Faisal Afridi

Personal information
- Full name: Faisal Khan Afridi
- Born: 31 December 1977 (age 48) Sargodha, Punjab, Pakistan, Pakistan
- Batting: Right-handed
- Bowling: Right-arm fast-medium
- Role: Umpire

Umpiring information
- ODIs umpired: 4 (2023–2025)
- T20Is umpired: 23 (2022–2025)
- WODIs umpired: 13 (2018–2025)
- WT20Is umpired: 14 (2018–2024)
- Source: Cricinfo, 3 May 2023

= Faisal Afridi =

Pakistani cricket umpire

Faisal Afridi (born 31 December 1977) is a Pakistani cricket umpire and former first-class cricketer.

==Career==
Afridi played 53 first-class and 35 List A matches between 1998 and 2008. As an umpire, he debuted in the match between National Bank of Pakistan and Water and Power Development Authority in the 2017–18 Quaid-e-Azam Trophy on 21 October 2017. In December 2018, he was one of the on-field umpires for the final of the 2018–19 Quaid-e-Azam Trophy.

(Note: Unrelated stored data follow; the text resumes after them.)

lemma marg_cov_apply: "marg_cov A sg t *v z = sg\<^sup>2 *\<^sub>R z + t\<^sup>2 *\<^sub>R (A *v (transpose A *v z))"
  unfolding marg_cov_def by (simp add: matrix_vector_mult_distribs)

lemma post_prec_apply:
  "post_prec A sg t *v z = (1 / t\<^sup>2) *\<^sub>R z + (1 / sg\<^sup>2) *\<^sub>R (transpose A *v (A *v z))"
  unfolding post_prec_def by (simp add: matrix_vector_mult_distribs)

lemma inner_marg_cov:
  "x \<bullet> (marg_cov A sg t *v y) = sg\<^sup>2 * (x \<bullet> y) + t\<^sup>2 * ((transpose A *v x) \<bullet> (transpose A *v y))"
  by (simp only: marg_cov_apply inner_add_right inner_scaleR_right inner_matrix_vector_transpose[of x A])

lemma inner_post_prec:
  "x \<bullet> (post_prec A sg t *v y) = (1 / t\<^sup>2) * (x \<bullet> y) + (1 / sg\<^sup>2) * ((A *v x) \<bullet> (A *v y))"
  by (simp only: post_prec_apply inner_add_right inner_scaleR_right inner_matrix_vector_transpose
      transpose_transpose)

lemma spd_marg_cov:
  assumes "sg > 0"
  shows "spd (marg_cov A sg t)"
proof (rule spdI)
  show "x \<bullet> (marg_cov A sg t *v y) = y \<bullet> (marg_cov A sg t *v x)" for x y
    by (simp add: inner_marg_cov inner_commute)
  show "0 < x \<bullet> (marg_cov A sg t *v x)" if "x \<noteq> 0" for x
    using assms that by (simp add: inner_marg_cov add_pos_nonneg)
qed

lemma spd_post_prec:
  assumes "sg > 0" "t > 0"
  shows "spd (post_prec A sg t)"
proof (rule spdI)
  show "x \<bullet> (post_prec A sg t *v y) = y \<bullet> (post_prec A sg t *v x)" for x y
    by (simp add: inner_post_prec inner_commute)
  show "0 < x \<bullet> (post_prec A sg t *v x)" if "x \<noteq> 0" for x
    using assms that by (simp add: inner_post_prec add_pos_nonneg)
qed

lemma spd_post_cov: "sg > 0 \<Longrightarrow> t > 0 \<Longrightarrow> spd (post_cov A sg t)"
  unfolding post_cov_eq_matrix_inv_post_prec by (intro spd_matrix_inv spd_post_prec)

lemma post_prec_cancel:
  fixes A :: "real^'n^'m"
  assumes "sg > 0" "t > 0"
  shows "post_prec A sg t *v (post_cov A sg t *v z) = z" "post_cov A sg t *v (post_prec A sg t *v z) = z"
  unfolding post_cov_eq_matrix_inv_post_prec
  using matrix_inv_cancel[OF spd_invertible[OF spd_post_prec[OF assms]]] by auto

lemma woodbury_matrix_inv_marg_cov:
  fixes A :: "real^'n^'m"
  assumes sg: "sg > 0" and t: "t > 0"
  shows "matrix_inv (marg_cov A sg t) *v z
      = (1 / sg\<^sup>2) *\<^sub>R z - (1 / sg^4) *\<^sub>R (A *v (post_cov A sg t *v (transpose A *v z)))"
proof -
  define W :: "real^'m^'m" where
    "W = (1 / sg\<^sup>2) *\<^sub>R mat 1 - (1 / sg^4) *\<^sub>R (A ** post_cov A sg t ** transpose A)"
  have "marg_cov A sg t *v (W *v z) = z" for z
  proof -
    define p where "p = post_cov A sg t *v (transpose A *v z)"
    have "(1 / t\<^sup>2) *\<^sub>R p + (1 / sg\<^sup>2) *\<^sub>R (transpose A *v (A *v p)) = transpose A *v z"
      using post_prec_cancel(1)[OF sg t] unfolding p_def post_prec_apply .
    then have "(1 / sg\<^sup>2) *\<^sub>R (transpose A *v (A *v p)) = transpose A *v z - (1 / t\<^sup>2) *\<^sub>R p"
      by (metis add_diff_cancel_left')
    then have "sg\<^sup>2 *\<^sub>R ((1 / sg\<^sup>2) *\<^sub>R (transpose A *v (A *v p)))
        = sg\<^sup>2 *\<^sub>R (transpose A *v z - (1 / t\<^sup>2) *\<^sub>R p)"
      by (rule arg_cong)
    then have ATAp: "transpose A *v (A *v p) = sg\<^sup>2 *\<^sub>R (transpose A *v z) - (sg\<^sup>2 / t\<^sup>2) *\<^sub>R p"
      using sg by (simp add: scaleR_diff_right)
    have Wz: "W *v z = (1 / sg\<^sup>2) *\<^sub>R z - (1 / sg^4) *\<^sub>R (A *v p)"
      unfolding W_def p_def by (simp add: matrix_vector_mult_distribs)
    show ?thesis
      unfolding marg_cov_apply Wz
      by (simp add: matrix_vector_mult_distribs ATAp vec_eq_iff del: transpose_matrix_vector)
        (use sg t in \<open>simp add: field_simps\<close>)
  qed
  then have "matrix_inv (marg_cov A sg t) = W"
    by (intro matrix_inv_eqI) (simp add: matrix_eq matrix_vector_mul_assoc[symmetric])
  then show ?thesis unfolding W_def by (simp add: matrix_vector_mult_distribs)
qed

lemma post_mean_eq:
  fixes A :: "real^'n^'m"
  assumes sg: "sg > 0" and t: "t > 0"
  shows "post_mean A sg mu t y
    = mu + (1 / sg\<^sup>2) *\<^sub>R (post_cov A sg t *v (transpose A *v (y - A *v mu)))"
proof -
  have "(1 / t\<^sup>2) *\<^sub>R mu + (1 / sg\<^sup>2) *\<^sub>R (transpose A *v y)
      = post_prec A sg t *v mu + (1 / sg\<^sup>2) *\<^sub>R (transpose A *v (y - A *v mu))"
    by (simp add: post_prec_apply matrix_vector_mult_distribs algebra_simps)
  then show ?thesis
    unfolding post_mean_def using post_prec_cancel(2)[OF sg t]
    by (simp add: matrix_vector_mult_distribs)
qed

lemma prior_likelihood_exponent_complete_square:
  fixes A :: "real^'n^'m" and mu x :: "real^'n" and y :: "real^'m"
  assumes sg: "sg > 0" and t: "t > 0"
  shows "(1 / t\<^sup>2) * ((x - mu) \<bullet> (x - mu)) + (1 / sg\<^sup>2) * ((y - A *v x) \<bullet> (y - A *v x))
       = (y - A *v mu) \<bullet> (matrix_inv (marg_cov A sg t) *v (y - A *v mu))
         + (x - post_mean A sg mu t y) \<bullet> (post_prec A sg t *v (x - post_mean A sg mu t y))"
proof -
  define P where "P = post_prec A sg t"
  define r where "r = y - A *v mu"
  define d where "d = x - mu"
  define g where "g = transpose A *v r"
  define h where "h = post_cov A sg t *v g"
  define v where "v = (1 / sg\<^sup>2) *\<^sub>R h"
  have sym_P: "transpose P = P"
    using spd_post_prec[OF sg t] unfolding P_def spd_def by auto
  have x_centered: "x - post_mean A sg mu t y = d - v"
    unfolding post_mean_eq[OF sg t] d_def v_def h_def g_def r_def by simp
  have residual: "y - A *v x = r - A *v d"
    unfolding r_def d_def by (simp add: matrix_vector_mult_distribs)
  have P_v: "P *v v = (1 / sg\<^sup>2) *\<^sub>R g"
    unfolding v_def h_def P_def by (simp only: matrix_vector_mult_scaleR post_prec_cancel(1)[OF sg t])
  have "(r - A *v d) \<bullet> (r - A *v d) = r \<bullet> r - 2 * ((A *v d) \<bullet> r) + (A *v d) \<bullet> (A *v d)"
    by (simp add: inner_diff_left inner_diff_right inner_commute)
  moreover have "(d - v) \<bullet> (P *v (d - v)) = d \<bullet> (P *v d) - 2 * (d \<bullet> (P *v v)) + v \<bullet> (P *v v)"
    using symmetric_inner_commute[OF sym_P, of d v]
    by (simp add: matrix_vector_mult_distribs inner_diff_left inner_diff_right)
  moreover have "d \<bullet> (P *v d) = (1 / t\<^sup>2) * (d \<bullet> d) + (1 / sg\<^sup>2) * ((A *v d) \<bullet> (A *v d))"
    unfolding P_def by (rule inner_post_prec)
  moreover have "d \<bullet> (P *v v) = (1 / sg\<^sup>2) * ((A *v d) \<bullet> r)"
    unfolding P_v g_def by (simp only: inner_scaleR_right inner_matrix_vector_transpose transpose_transpose)
  moreover have "v \<bullet> (P *v v) = (1 / sg^4) * (h \<bullet> g)"
    unfolding P_v by (simp add: v_def power4_eq_xxxx power2_eq_square)
  moreover have "r \<bullet> (matrix_inv (marg_cov A sg t) *v r) = (1 / sg\<^sup>2) * (r \<bullet> r) - (1 / sg^4) * (g \<bullet> h)"
    unfolding woodbury_matrix_inv_marg_cov[OF sg t] g_def[symmetric] h_def[symmetric]
    by (simp add: inner_diff_right inner_matrix_vector_transpose[of r A] g_def)
  ultimately show ?thesis
    unfolding x_centered residual P_def[symmetric] r_def[symmetric] d_def[symmetric]
    by (simp add: inner_commute[of h g] algebra_simps)
qed

lemma gauss_pdf_scaleR_mat_1:
  fixes mu x :: "real^'d"
  assumes "c \<noteq> 0"
  shows "gauss_pdf mu (c *\<^sub>R mat 1) x
    = exp (-(1/2) * ((1 / c) * ((x - mu) \<bullet> (x - mu)))) / sqrt ((2 * pi) ^ CARD('d) * c ^ CARD('d))"
  unfolding gauss_pdf_def det_scaleR_mat_1 matrix_inv_scaleR_mat_1[OF assms]
  by (simp add: scaleR_matrix_vector_assoc[symmetric])

lemma (in pair_sigma_finite) two_factorizations_constant_eq_1:
  fixes f :: "'a \<Rightarrow> ennreal" and g :: "'a \<Rightarrow> 'b \<Rightarrow> ennreal"
    and f' :: "'b \<Rightarrow> ennreal" and g' :: "'b \<Rightarrow> 'a \<Rightarrow> ennreal"
  assumes joint: "(\<lambda>(x, y). f x * g x y) \<in> borel_measurable (M1 \<Otimes>\<^sub>M M2)"
    and [measurable]: "f' \<in> borel_measurable M2"
      "\<And>x. g x \<in> borel_measurable M2" "\<And>y. g' y \<in> borel_measurable M1"
    and f: "(\<integral>\<^sup>+x. f x \<partial>M1) = 1" and g: "\<And>x. (\<integral>\<^sup>+y. g x y \<partial>M2) = 1"
    and f': "(\<integral>\<^sup>+y. f' y \<partial>M2) = 1" and g': "\<And>y. (\<integral>\<^sup>+x. g' y x \<partial>M1) = 1"
    and eq: "\<And>x y. f x * g x y = c * (f' y * g' y x)"
  shows "c = 1"
proof -
  have "(\<integral>\<^sup>+x. (\<integral>\<^sup>+y. f x * g x y \<partial>M2) \<partial>M1) = 1"
    by (simp add: nn_integral_cmult g f)
  moreover have "(\<integral>\<^sup>+y. (\<integral>\<^sup>+x. f x * g x y \<partial>M1) \<partial>M2) = c"
    by (simp add: eq mult.assoc[symmetric] nn_integral_cmult g' f')
  ultimately show ?thesis using Fubini'[OF joint] by simp
qed

lemma gauss_prior_mult_likelihood:
  fixes A :: "real^'n^'m" and mu x :: "real^'n" and y :: "real^'m"
  assumes sg: "sg > 0" and t: "t > 0"
  shows "gauss_pdf mu (t\<^sup>2 *\<^sub>R mat 1) x * gauss_pdf (A *v x) (sg\<^sup>2 *\<^sub>R mat 1) y
       = gauss_pdf (A *v mu) (marg_cov A sg t) y * gauss_pdf (post_mean A sg mu t y) (post_cov A sg t) x"
proof -
  let ?prior = "\<lambda>x. gauss_pdf mu (t\<^sup>2 *\<^sub>R mat 1) x"
  let ?lik = "\<lambda>x y. gauss_pdf (A *v x) (sg\<^sup>2 *\<^sub>R mat 1) y"
  let ?marg = "\<lambda>y. gauss_pdf (A *v mu) (marg_cov A sg t) y"
  let ?post = "\<lambda>y x. gauss_pdf (post_mean A sg mu t y) (post_cov A sg t) x"
  have spd: "spd (t\<^sup>2 *\<^sub>R mat 1 :: real^'n^'n)" "spd (sg\<^sup>2 *\<^sub>R mat 1 :: real^'m^'m)"
    "spd (marg_cov A sg t)" "spd (post_cov A sg t)"
    using sg t by (simp_all add: spd_scaleR_mat_1 spd_marg_cov spd_post_cov)
  have post_prec: "matrix_inv (post_cov A sg t) = post_prec A sg t"
    unfolding post_cov_eq_matrix_inv_post_prec
    using matrix_inv_matrix_inv spd_invertible spd_post_prec sg t by blast
  define E where "E x y = exp (-(1/2) *
    ((y - A *v mu) \<bullet> (matrix_inv (marg_cov A sg t) *v (y - A *v mu))
     + (x - post_mean A sg mu t y) \<bullet> (post_prec A sg t *v (x - post_mean A sg mu t y))))" for x y
  define K1 where "K1 = 1 / (sqrt ((2 * pi) ^ CARD('n) * (t\<^sup>2) ^ CARD('n))
                         * sqrt ((2 * pi) ^ CARD('m) * (sg\<^sup>2) ^ CARD('m)))"
  define K2 where "K2 = 1 / (sqrt ((2 * pi) ^ CARD('m) * det (marg_cov A sg t))
                         * sqrt ((2 * pi) ^ CARD('n) * det (post_cov A sg t)))"
  have K1_pos: "K1 > 0" and E_pos: "E x y > 0" for x y
    unfolding K1_def E_def using sg t by simp_all
  have K2_pos: "K2 > 0"
    unfolding K2_def using spd_det_pos[OF spd(3)] spd_det_pos[OF spd(4)] by simp
  have prior_lik: "?prior x * ?lik x y = K1 * E x y" for x y
  proof -
    have "?prior x * ?lik x y = K1 * (exp (-(1/2) * ((1 / t\<^sup>2) * ((x - mu) \<bullet> (x - mu))))
        * exp (-(1/2) * ((1 / sg\<^sup>2) * ((y - A *v x) \<bullet> (y - A *v x)))))"
      using sg t by (simp add: gauss_pdf_scaleR_mat_1 K1_def)
    also have "\<dots> = K1 * E x y"
      unfolding E_def
      by (simp only: exp_add[symmetric] prior_likelihood_exponent_complete_square[OF sg t, symmetric])
        (simp add: algebra_simps)
    finally show ?thesis .
  qed
  have marg_post: "?marg y * ?post y x = K2 * E x y" for x y
    unfolding gauss_pdf_def K2_def E_def post_prec
    by (simp add: exp_add[symmetric] algebra_simps)
  have "ennreal (K1 / K2) = 1"
  proof (rule pair_sigma_finite.two_factorizations_constant_eq_1)
    show "pair_sigma_finite (lborel :: (real^'n) measure) (lborel :: (real^'m) measure)"
      by (simp add: pair_sigma_finite_def sigma_finite_lborel)
    show "(\<lambda>(x, y). ennreal (?prior x) * ennreal (?lik x y)) \<in> borel_measurable (lborel \<Otimes>\<^sub>M lborel)"
      unfolding gauss_pdf_def by measurable
    show "ennreal (?prior x) * ennreal (?lik x y) = ennreal (K1 / K2) * (ennreal (?marg y) * ennreal (?post y x))"
      for x y
      using K1_pos K2_pos E_pos[of x y] spd
      by (simp add: prior_lik marg_post ennreal_mult[symmetric] less_imp_le[OF gauss_pdf_pos])
  qed (use spd in \<open>simp_all add: nn_integral_gauss_pdf\<close>)
  then have "K1 = K2"
    using K2_pos by (metis divide_eq_1_iff ennreal_eq_1)
  then show ?thesis
    using prior_lik marg_post by simp
qed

In October 2021, Afridi was promoted to the International Panel of ICC Umpires, replacing Shozab Raza. He stood in his first Twenty20 International (T20I) match, between Pakistan and England on 23 September 2022. He officiated in his first One Day International (ODI) match, between Pakistan and New Zealand on 3 May 2023.